(SOURCE MATERIAL begins)

lemma starts_withD: "starts_with R M e \<Longrightarrow> f \<in> M \<Longrightarrow> f \<noteq> e \<Longrightarrow> (lft R e, lft R f) \<in> R"
  unfolding starts_with_def by simp

lemma starts_with_insert:
  assumes "trans R" "starts_with R M e'" "(lft R e, lft R e') \<in> R"
  shows "starts_with R (insert e M) e"
  unfolding starts_with_def
proof (intro conjI ballI impI)
  fix f
  assume "f \<in> insert e M" "f \<noteq> e"
  then have "f \<in> M"
    by simp
  show "(lft R e, lft R f) \<in> R"
  proof (cases "f = e'")
    case True
    then show ?thesis
      using assms(3) by simp
  next
    case False
    show ?thesis
      using transD[OF assms(1,3) starts_withD[OF assms(2) \<open>f \<in> M\<close> False]] .
  qed
qed simp

locale triangle_free_ordered_graph =
  fixes V :: "'a set" and E :: "'a set set" and R :: "('a \<times> 'a) set"
  assumes simple: "simple_graph V E"
    and ordering: "transitive_vertex_ordering V E R"
    and triangle_free: "\<And>u v w. {u, v} \<in> E \<Longrightarrow> {v, w} \<in> E \<Longrightarrow> {u, w} \<in> E \<Longrightarrow> False"
begin

abbreviation precedes :: "'a \<Rightarrow> 'a \<Rightarrow> bool" (infix "\<prec>" 50) where
  "u \<prec> v \<equiv> (u, v) \<in> R"

lemma edge_doubleton: "f \<in> E \<Longrightarrow> \<exists>u v. f = {u, v} \<and> u \<in> V \<and> v \<in> V \<and> u \<noteq> v"
  using simple unfolding simple_graph_def by blast

lemmas edge_vertices = simple_graph_edge[OF simple]

lemma finite_edges: "finite E"
  using simple finite_subset[of E "Pow V"] edge_doubleton unfolding simple_graph_def by blast

lemma prec_in_V: "u \<prec> v \<Longrightarrow> u \<in> V \<and> v \<in> V"
  using ordering unfolding transitive_vertex_ordering_def by blast

lemma prec_trans: "u \<prec> v \<Longrightarrow> v \<prec> w \<Longrightarrow> u \<prec> w"
  using ordering unfolding transitive_vertex_ordering_def strict_linear_order_on_def
  by (meson transE)
section \<open>Near-isometries\<close>

definition near_isometric_on :: "('a::real_normed_vector \<Rightarrow> 'b::real_normed_vector) \<Rightarrow> 'a set \<Rightarrow> real \<Rightarrow> bool"
  where "near_isometric_on A S d \<longleftrightarrow> (\<forall>V\<in>S. \<bar>(norm (A V))\<^sup>2 - (norm V)\<^sup>2\<bar> \<le> d * (norm V)\<^sup>2)"

text \<open>\<open>rip_const\<close> is an infimum, so the bound needs the set of admissible constants to be
  nonempty; it is, because \<open>A\<close> is bounded.\<close>
lemma rip_const_bound:
  fixes A :: "complex^'n^'m \<Rightarrow> complex^'p"
  assumes "clinear_op A" "rank X \<le> s"
  shows "\<bar>(norm (A X))\<^sup>2 - (norm X)\<^sup>2\<bar> \<le> rip_const A s * (norm X)\<^sup>2"
proof -
  define D where "D = {\<delta>. \<delta> \<ge> 0 \<and> (\<forall>X::complex^'n^'m. rank X \<le> s \<longrightarrow>
      (1 - \<delta>) * (norm X)\<^sup>2 \<le> (norm (A X))\<^sup>2 \<and> (norm (A X))\<^sup>2 \<le> (1 + \<delta>) * (norm X)\<^sup>2)}"
  have lin: "linear A" using assms(1) by (rule clinear_op_linear)
  obtain K where K: "\<And>X. norm (A X) \<le> norm X * K"
    using lin linear_conv_bounded_linear bounded_linear.bounded by blast
  have "K\<^sup>2 + 1 \<in> D"
  proof -
    have "(norm (A X))\<^sup>2 \<le> (1 + (K\<^sup>2 + 1)) * (norm X)\<^sup>2" for X
    proof -
      have "(norm (A X))\<^sup>2 \<le> (norm X * K)\<^sup>2" using K[of X] by (simp add: power_mono)
      also have "\<dots> \<le> (1 + (K\<^sup>2 + 1)) * (norm X)\<^sup>2" by (simp add: power_mult_distrib algebra_simps)
      finally show ?thesis .
    qed
    moreover have "(1 - (K\<^sup>2 + 1)) * (norm X)\<^sup>2 \<le> (norm (A X))\<^sup>2" for X :: "complex^'n^'m"
      by (rule order_trans[of _ 0]) (simp_all add: mult_nonpos_nonneg)
    ultimately show ?thesis unfolding D_def by simp
  qed
  then have "D \<noteq> {}" by blast
  show ?thesis
  proof (cases "X = 0")
    case False
    then have N: "(norm X)\<^sup>2 > 0" by simp
    have "\<bar>(norm (A X))\<^sup>2 - (norm X)\<^sup>2\<bar> / (norm X)\<^sup>2 \<le> \<delta>" if "\<delta> \<in> D" for \<delta>
      using that assms(2) N by (auto simp: D_def divide_le_eq abs_le_iff algebra_simps)
    then have "\<bar>(norm (A X))\<^sup>2 - (norm X)\<^sup>2\<bar> / (norm X)\<^sup>2 \<le> Inf D"
      using \<open>D \<noteq> {}\<close> by (rule cInf_greatest[rotated])
    then show ?thesis using N by (simp add: rip_const_def D_def divide_le_eq)
  qed (simp add: linear_0[OF lin])
qed
lemma pts_finite_height:
  "x \<in> pts \<Longrightarrow> snd x \<noteq> \<infinity> \<Longrightarrow> fst x \<in> V \<and> fst x \<noteq> r \<and> snd x < fv (par (fst x))"
  by (auto simp: mem_pts_iff)

lemma mem_lvl_iff: "x \<in> lvl h \<longleftrightarrow> x \<in> pts \<and> snd x = h"
  by (simp add: mt_level_def)

lemma below_refl: "x \<preceq> x"
  by (simp add: mt_le_def)

lemma below_trans: "x \<preceq> y \<Longrightarrow> y \<preceq> z \<Longrightarrow> x \<preceq> z"
  by (auto simp: mt_le_def)

lemma below_height: "x \<preceq> y \<Longrightarrow> snd x \<le> snd y"
  by (simp add: mt_le_def)

lemma below_root: "x \<in> pts \<Longrightarrow> x \<preceq> (r, \<infinity>)"
  using path_to_root pts_fst_in_V by (auto simp: mt_le_def)

lemma height_less_if_path:
  assumes "x \<in> pts" "y \<in> pts" "(fst x, fst y) \<in> E\<^sup>*" "fst x \<noteq> fst y"
  shows "snd x < snd y"
proof -
  have x: "fst x \<in> V" "fst x \<noteq> r" "(par (fst x), fst y) \<in> E\<^sup>*"
    using path_first_edge assms(3,4) by auto
  then have "snd x < fv (par (fst x))"
    using pts_finite_height pts_infinite_height assms(1) by fastforce
  also have "\<dots> \<le> fv (fst y)" using fv_mono_path x par_in_V by blast
  also have "\<dots> \<le> snd y" using fv_fst_le_snd assms(2) .
  finally show ?thesis .
qed

lemma below_same_height_eq: "x \<in> pts \<Longrightarrow> y \<in> pts \<Longrightarrow> x \<preceq> y \<Longrightarrow> snd y \<le> snd x \<Longrightarrow> x = y"
  using height_less_if_path by (fastforce simp: mt_le_def prod_eq_iff)

lemma below_antisym: "x \<in> pts \<Longrightarrow> y \<in> pts \<Longrightarrow> x \<preceq> y \<Longrightarrow> y \<preceq> x \<Longrightarrow> x = y"
  using below_same_height_eq below_height by blast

(SOURCE MATERIAL ends)

All of the lines above need to be given again exactly.

SOLUTION FOR THIS PROBLEM —
lemma starts_withD: "starts_with R M e \<Longrightarrow> f \<in> M \<Longrightarrow> f \<noteq> e \<Longrightarrow> (lft R e, lft R f) \<in> R"
  unfolding starts_with_def by simp

lemma starts_with_insert:
  assumes "trans R" "starts_with R M e'" "(lft R e, lft R e') \<in> R"
  shows "starts_with R (insert e M) e"
  unfolding starts_with_def
proof (intro conjI ballI impI)
  fix f
  assume "f \<in> insert e M" "f \<noteq> e"
  then have "f \<in> M"
    by simp
  show "(lft R e, lft R f) \<in> R"
  proof (cases "f = e'")
    case True
    then show ?thesis
      using assms(3) by simp
  next
    case False
    show ?thesis
      using transD[OF assms(1,3) starts_withD[OF assms(2) \<open>f \<in> M\<close> False]] .
  qed
qed simp

locale triangle_free_ordered_graph =
  fixes V :: "'a set" and E :: "'a set set" and R :: "('a \<times> 'a) set"
  assumes simple: "simple_graph V E"
    and ordering: "transitive_vertex_ordering V E R"
    and triangle_free: "\<And>u v w. {u, v} \<in> E \<Longrightarrow> {v, w} \<in> E \<Longrightarrow> {u, w} \<in> E \<Longrightarrow> False"
begin

abbreviation precedes :: "'a \<Rightarrow> 'a \<Rightarrow> bool" (infix "\<prec>" 50) where
  "u \<prec> v \<equiv> (u, v) \<in> R"

lemma edge_doubleton: "f \<in> E \<Longrightarrow> \<exists>u v. f = {u, v} \<and> u \<in> V \<and> v \<in> V \<and> u \<noteq> v"
  using simple unfolding simple_graph_def by blast

lemmas edge_vertices = simple_graph_edge[OF simple]

lemma finite_edges: "finite E"
  using simple finite_subset[of E "Pow V"] edge_doubleton unfolding simple_graph_def by blast

lemma prec_in_V: "u \<prec> v \<Longrightarrow> u \<in> V \<and> v \<in> V"
  using ordering unfolding transitive_vertex_ordering_def by blast

lemma prec_trans: "u \<prec> v \<Longrightarrow> v \<prec> w \<Longrightarrow> u \<prec> w"
  using ordering unfolding transitive_vertex_ordering_def strict_linear_order_on_def
  by (meson transE)
section \<open>Near-isometries\<close>

definition near_isometric_on :: "('a::real_normed_vector \<Rightarrow> 'b::real_normed_vector) \<Rightarrow> 'a set \<Rightarrow> real \<Rightarrow> bool"
  where "near_isometric_on A S d \<longleftrightarrow> (\<forall>V\<in>S. \<bar>(norm (A V))\<^sup>2 - (norm V)\<^sup>2\<bar> \<le> d * (norm V)\<^sup>2)"

text \<open>\<open>rip_const\<close> is an infimum, so the bound needs the set of admissible constants to be
  nonempty; it is, because \<open>A\<close> is bounded.\<close>
lemma rip_const_bound:
  fixes A :: "complex^'n^'m \<Rightarrow> complex^'p"
  assumes "clinear_op A" "rank X \<le> s"
  shows "\<bar>(norm (A X))\<^sup>2 - (norm X)\<^sup>2\<bar> \<le> rip_const A s * (norm X)\<^sup>2"
proof -
  define D where "D = {\<delta>. \<delta> \<ge> 0 \<and> (\<forall>X::complex^'n^'m. rank X \<le> s \<longrightarrow>
      (1 - \<delta>) * (norm X)\<^sup>2 \<le> (norm (A X))\<^sup>2 \<and> (norm (A X))\<^sup>2 \<le> (1 + \<delta>) * (norm X)\<^sup>2)}"
  have lin: "linear A" using assms(1) by (rule clinear_op_linear)
  obtain K where K: "\<And>X. norm (A X) \<le> norm X * K"
    using lin linear_conv_bounded_linear bounded_linear.bounded by blast
  have "K\<^sup>2 + 1 \<in> D"
  proof -
    have "(norm (A X))\<^sup>2 \<le> (1 + (K\<^sup>2 + 1)) * (norm X)\<^sup>2" for X
    proof -
      have "(norm (A X))\<^sup>2 \<le> (norm X * K)\<^sup>2" using K[of X] by (simp add: power_mono)
      also have "\<dots> \<le> (1 + (K\<^sup>2 + 1)) * (norm X)\<^sup>2" by (simp add: power_mult_distrib algebra_simps)
      finally show ?thesis .
    qed
    moreover have "(1 - (K\<^sup>2 + 1)) * (norm X)\<^sup>2 \<le> (norm (A X))\<^sup>2" for X :: "complex^'n^'m"
      by (rule order_trans[of _ 0]) (simp_all add: mult_nonpos_nonneg)
    ultimately show ?thesis unfolding D_def by simp
  qed
  then have "D \<noteq> {}" by blast
  show ?thesis
  proof (cases "X = 0")
    case False
    then have N: "(norm X)\<^sup>2 > 0" by simp
    have "\<bar>(norm (A X))\<^sup>2 - (norm X)\<^sup>2\<bar> / (norm X)\<^sup>2 \<le> \<delta>" if "\<delta> \<in> D" for \<delta>
      using that assms(2) N by (auto simp: D_def divide_le_eq abs_le_iff algebra_simps)
    then have "\<bar>(norm (A X))\<^sup>2 - (norm X)\<^sup>2\<bar> / (norm X)\<^sup>2 \<le> Inf D"
      using \<open>D \<noteq> {}\<close> by (rule cInf_greatest[rotated])
    then show ?thesis using N by (simp add: rip_const_def D_def divide_le_eq)
  qed (simp add: linear_0[OF lin])
qed
lemma pts_finite_height:
  "x \<in> pts \<Longrightarrow> snd x \<noteq> \<infinity> \<Longrightarrow> fst x \<in> V \<and> fst x \<noteq> r \<and> snd x < fv (par (fst x))"
  by (auto simp: mem_pts_iff)

lemma mem_lvl_iff: "x \<in> lvl h \<longleftrightarrow> x \<in> pts \<and> snd x = h"
  by (simp add: mt_level_def)

lemma below_refl: "x \<preceq> x"
  by (simp add: mt_le_def)

lemma below_trans: "x \<preceq> y \<Longrightarrow> y \<preceq> z \<Longrightarrow> x \<preceq> z"
  by (auto simp: mt_le_def)

lemma below_height: "x \<preceq> y \<Longrightarrow> snd x \<le> snd y"
  by (simp add: mt_le_def)

lemma below_root: "x \<in> pts \<Longrightarrow> x \<preceq> (r, \<infinity>)"
  using path_to_root pts_fst_in_V by (auto simp: mt_le_def)

lemma height_less_if_path:
  assumes "x \<in> pts" "y \<in> pts" "(fst x, fst y) \<in> E\<^sup>*" "fst x \<noteq> fst y"
  shows "snd x < snd y"
proof -
  have x: "fst x \<in> V" "fst x \<noteq> r" "(par (fst x), fst y) \<in> E\<^sup>*"
    using path_first_edge assms(3,4) by auto
  then have "snd x < fv (par (fst x))"
    using pts_finite_height pts_infinite_height assms(1) by fastforce
  also have "\<dots> \<le> fv (fst y)" using fv_mono_path x par_in_V by blast
  also have "\<dots> \<le> snd y" using fv_fst_le_snd assms(2) .
  finally show ?thesis .
qed

lemma below_same_height_eq: "x \<in> pts \<Longrightarrow> y \<in> pts \<Longrightarrow> x \<preceq> y \<Longrightarrow> snd y \<le> snd x \<Longrightarrow> x = y"
  using height_less_if_path by (fastforce simp: mt_le_def prod_eq_iff)

lemma below_antisym: "x \<in> pts \<Longrightarrow> y \<in> pts \<Longrightarrow> x \<preceq> y \<Longrightarrow> y \<preceq> x \<Longrightarrow> x = y"
  using below_same_height_eq below_height by blast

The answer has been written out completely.